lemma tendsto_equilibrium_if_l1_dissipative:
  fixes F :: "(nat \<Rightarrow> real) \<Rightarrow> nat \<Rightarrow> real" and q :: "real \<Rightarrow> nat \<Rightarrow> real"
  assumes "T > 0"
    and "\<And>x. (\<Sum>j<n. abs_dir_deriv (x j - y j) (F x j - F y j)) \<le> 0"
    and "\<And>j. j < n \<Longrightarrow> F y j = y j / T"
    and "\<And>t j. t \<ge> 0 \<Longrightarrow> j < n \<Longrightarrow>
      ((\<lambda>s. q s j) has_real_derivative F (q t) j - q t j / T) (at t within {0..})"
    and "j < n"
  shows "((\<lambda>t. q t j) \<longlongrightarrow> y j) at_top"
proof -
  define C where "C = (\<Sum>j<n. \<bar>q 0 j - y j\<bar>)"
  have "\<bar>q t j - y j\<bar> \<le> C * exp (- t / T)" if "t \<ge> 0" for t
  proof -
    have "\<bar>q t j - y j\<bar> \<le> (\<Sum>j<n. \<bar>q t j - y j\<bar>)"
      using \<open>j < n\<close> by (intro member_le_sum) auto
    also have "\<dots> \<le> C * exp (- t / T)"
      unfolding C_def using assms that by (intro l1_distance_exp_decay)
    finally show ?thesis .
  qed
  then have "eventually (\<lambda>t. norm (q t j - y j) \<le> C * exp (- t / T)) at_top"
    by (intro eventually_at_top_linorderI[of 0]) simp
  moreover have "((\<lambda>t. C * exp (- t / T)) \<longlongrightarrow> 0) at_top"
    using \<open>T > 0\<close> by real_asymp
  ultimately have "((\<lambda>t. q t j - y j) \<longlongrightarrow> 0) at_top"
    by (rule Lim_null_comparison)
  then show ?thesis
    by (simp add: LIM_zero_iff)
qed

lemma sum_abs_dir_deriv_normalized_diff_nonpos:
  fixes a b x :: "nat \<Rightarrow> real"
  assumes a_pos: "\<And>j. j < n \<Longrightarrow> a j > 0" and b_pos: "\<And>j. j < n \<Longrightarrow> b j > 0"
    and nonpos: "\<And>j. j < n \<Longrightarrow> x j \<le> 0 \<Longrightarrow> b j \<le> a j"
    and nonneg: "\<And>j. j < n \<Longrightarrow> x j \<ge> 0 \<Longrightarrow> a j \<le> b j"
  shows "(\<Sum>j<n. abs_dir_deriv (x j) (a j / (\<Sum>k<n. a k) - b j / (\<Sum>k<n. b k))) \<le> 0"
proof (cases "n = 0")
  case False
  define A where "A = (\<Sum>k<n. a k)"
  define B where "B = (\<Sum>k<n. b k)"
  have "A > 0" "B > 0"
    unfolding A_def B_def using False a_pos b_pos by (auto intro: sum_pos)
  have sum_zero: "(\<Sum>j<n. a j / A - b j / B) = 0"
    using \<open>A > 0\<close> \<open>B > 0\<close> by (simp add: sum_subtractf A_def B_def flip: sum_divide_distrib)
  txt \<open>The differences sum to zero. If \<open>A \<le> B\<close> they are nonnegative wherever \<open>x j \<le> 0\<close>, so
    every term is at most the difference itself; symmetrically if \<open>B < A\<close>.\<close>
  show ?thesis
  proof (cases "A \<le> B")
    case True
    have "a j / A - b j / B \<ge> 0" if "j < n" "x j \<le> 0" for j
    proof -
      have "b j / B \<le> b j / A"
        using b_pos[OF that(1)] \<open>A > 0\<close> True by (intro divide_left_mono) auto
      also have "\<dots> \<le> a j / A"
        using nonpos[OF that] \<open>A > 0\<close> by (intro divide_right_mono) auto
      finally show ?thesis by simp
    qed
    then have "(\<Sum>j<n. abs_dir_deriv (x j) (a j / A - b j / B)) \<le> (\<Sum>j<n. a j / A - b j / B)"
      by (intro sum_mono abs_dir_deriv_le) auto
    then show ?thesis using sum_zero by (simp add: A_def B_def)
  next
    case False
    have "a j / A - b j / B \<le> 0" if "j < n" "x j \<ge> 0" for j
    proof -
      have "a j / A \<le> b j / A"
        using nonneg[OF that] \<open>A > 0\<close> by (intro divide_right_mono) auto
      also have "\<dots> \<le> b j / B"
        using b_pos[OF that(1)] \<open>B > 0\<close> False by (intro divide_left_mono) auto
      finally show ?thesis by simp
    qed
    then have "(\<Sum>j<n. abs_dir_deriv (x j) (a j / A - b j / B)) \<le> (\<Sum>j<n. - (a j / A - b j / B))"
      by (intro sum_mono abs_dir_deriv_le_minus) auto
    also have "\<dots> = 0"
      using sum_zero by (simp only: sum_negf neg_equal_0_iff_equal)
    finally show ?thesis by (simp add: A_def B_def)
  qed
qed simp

* * *

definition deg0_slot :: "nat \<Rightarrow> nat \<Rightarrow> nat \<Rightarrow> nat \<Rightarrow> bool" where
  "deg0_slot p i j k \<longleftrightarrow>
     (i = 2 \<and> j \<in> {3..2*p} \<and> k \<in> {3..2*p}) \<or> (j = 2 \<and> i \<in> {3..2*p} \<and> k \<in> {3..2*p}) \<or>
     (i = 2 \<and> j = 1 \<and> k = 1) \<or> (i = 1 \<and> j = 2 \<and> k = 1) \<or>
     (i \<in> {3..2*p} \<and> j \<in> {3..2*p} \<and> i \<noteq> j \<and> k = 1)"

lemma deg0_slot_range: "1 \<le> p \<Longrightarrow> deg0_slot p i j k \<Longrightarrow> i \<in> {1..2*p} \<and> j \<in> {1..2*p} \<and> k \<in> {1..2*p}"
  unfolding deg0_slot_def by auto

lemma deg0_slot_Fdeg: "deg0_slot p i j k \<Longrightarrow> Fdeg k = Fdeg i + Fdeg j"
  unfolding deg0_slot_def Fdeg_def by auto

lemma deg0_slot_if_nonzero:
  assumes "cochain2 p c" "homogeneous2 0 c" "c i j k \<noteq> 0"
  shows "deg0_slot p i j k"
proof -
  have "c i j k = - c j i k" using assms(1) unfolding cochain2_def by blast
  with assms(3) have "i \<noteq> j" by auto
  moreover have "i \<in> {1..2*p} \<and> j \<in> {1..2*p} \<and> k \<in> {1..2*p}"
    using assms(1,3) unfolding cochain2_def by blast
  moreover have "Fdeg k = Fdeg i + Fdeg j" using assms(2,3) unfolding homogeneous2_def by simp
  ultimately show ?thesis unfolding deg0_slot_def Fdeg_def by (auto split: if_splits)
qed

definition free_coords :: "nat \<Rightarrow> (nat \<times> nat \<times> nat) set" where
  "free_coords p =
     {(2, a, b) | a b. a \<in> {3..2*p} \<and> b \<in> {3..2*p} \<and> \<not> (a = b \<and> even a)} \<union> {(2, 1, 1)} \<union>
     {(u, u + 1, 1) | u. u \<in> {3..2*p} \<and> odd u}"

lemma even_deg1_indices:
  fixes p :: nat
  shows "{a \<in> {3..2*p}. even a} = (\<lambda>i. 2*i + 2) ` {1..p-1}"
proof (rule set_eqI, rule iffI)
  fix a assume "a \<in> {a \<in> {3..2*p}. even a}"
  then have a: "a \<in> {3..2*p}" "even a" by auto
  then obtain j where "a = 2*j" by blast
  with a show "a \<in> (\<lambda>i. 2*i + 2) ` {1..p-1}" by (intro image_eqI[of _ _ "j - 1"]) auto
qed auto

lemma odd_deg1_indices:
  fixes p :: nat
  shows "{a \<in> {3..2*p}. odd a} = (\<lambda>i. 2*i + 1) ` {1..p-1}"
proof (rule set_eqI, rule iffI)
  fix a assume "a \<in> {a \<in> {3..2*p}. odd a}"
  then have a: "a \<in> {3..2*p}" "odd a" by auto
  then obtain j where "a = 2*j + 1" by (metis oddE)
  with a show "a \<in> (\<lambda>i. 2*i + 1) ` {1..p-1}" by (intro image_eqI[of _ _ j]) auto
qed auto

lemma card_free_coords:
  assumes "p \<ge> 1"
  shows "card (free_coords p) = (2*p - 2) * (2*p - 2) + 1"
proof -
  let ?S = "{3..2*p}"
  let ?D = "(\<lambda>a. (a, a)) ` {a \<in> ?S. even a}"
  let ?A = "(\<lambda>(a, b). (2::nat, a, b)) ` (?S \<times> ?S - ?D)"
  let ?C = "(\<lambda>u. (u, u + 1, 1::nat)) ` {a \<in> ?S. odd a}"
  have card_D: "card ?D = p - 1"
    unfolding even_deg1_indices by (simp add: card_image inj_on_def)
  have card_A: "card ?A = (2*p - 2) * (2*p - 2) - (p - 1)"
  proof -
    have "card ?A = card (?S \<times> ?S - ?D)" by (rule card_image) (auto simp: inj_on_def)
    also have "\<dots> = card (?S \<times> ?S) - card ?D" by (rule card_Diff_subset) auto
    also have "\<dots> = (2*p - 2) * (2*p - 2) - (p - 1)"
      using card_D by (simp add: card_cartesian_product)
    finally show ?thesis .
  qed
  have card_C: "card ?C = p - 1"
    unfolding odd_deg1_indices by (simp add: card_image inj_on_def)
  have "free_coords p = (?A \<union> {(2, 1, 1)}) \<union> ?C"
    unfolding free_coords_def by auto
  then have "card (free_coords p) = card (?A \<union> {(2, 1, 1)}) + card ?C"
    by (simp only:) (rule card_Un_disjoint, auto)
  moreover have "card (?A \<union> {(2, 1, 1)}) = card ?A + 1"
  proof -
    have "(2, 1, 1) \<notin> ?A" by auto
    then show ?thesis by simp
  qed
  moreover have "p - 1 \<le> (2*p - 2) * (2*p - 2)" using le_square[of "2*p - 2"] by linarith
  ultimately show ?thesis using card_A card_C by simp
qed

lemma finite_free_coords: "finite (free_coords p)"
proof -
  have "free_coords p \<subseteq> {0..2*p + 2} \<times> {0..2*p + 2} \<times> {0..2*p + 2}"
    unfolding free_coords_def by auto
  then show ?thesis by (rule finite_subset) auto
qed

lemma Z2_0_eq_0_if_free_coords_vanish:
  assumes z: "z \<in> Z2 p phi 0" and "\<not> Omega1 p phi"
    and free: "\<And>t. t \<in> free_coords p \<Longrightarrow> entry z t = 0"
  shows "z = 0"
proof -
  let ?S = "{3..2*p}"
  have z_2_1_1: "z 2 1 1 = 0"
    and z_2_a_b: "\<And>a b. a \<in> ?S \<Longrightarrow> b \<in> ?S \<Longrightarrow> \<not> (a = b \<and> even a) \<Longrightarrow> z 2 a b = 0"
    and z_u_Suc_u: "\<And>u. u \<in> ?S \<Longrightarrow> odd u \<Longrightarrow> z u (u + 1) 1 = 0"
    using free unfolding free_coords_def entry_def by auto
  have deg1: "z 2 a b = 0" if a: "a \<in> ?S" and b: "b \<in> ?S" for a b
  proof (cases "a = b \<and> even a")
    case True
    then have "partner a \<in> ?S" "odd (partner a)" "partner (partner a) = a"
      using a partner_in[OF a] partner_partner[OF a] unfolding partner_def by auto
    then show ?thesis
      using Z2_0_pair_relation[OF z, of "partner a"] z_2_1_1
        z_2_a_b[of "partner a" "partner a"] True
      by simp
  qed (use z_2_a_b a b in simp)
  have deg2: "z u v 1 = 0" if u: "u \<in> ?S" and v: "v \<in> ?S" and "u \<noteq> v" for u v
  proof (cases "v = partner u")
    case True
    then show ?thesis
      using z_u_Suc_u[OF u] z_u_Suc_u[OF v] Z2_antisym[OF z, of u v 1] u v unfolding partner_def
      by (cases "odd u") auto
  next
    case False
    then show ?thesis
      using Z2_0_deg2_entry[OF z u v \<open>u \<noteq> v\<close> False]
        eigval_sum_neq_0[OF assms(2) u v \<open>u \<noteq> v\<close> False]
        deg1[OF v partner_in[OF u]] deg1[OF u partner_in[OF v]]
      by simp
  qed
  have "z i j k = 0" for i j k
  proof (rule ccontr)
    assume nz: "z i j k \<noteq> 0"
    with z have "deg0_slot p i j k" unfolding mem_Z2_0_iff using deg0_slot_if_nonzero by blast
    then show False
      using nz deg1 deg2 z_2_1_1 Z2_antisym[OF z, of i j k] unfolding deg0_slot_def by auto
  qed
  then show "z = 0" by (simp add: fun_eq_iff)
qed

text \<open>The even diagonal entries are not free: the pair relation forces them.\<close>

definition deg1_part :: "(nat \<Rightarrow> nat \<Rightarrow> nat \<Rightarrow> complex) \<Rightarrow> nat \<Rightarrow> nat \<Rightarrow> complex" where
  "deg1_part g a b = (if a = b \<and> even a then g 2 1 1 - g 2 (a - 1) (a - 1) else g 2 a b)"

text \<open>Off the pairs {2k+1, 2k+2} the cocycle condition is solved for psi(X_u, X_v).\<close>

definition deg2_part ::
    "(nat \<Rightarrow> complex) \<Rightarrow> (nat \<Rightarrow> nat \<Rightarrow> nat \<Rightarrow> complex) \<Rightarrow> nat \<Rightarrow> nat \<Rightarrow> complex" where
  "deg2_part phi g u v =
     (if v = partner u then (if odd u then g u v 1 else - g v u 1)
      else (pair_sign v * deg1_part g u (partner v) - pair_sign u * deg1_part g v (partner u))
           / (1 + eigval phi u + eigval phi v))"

## [WHAT TO PRODUCE]
Could you report how many lines of the entries include the word "moreover"? Only the number is needed.

## [ANSWER]
5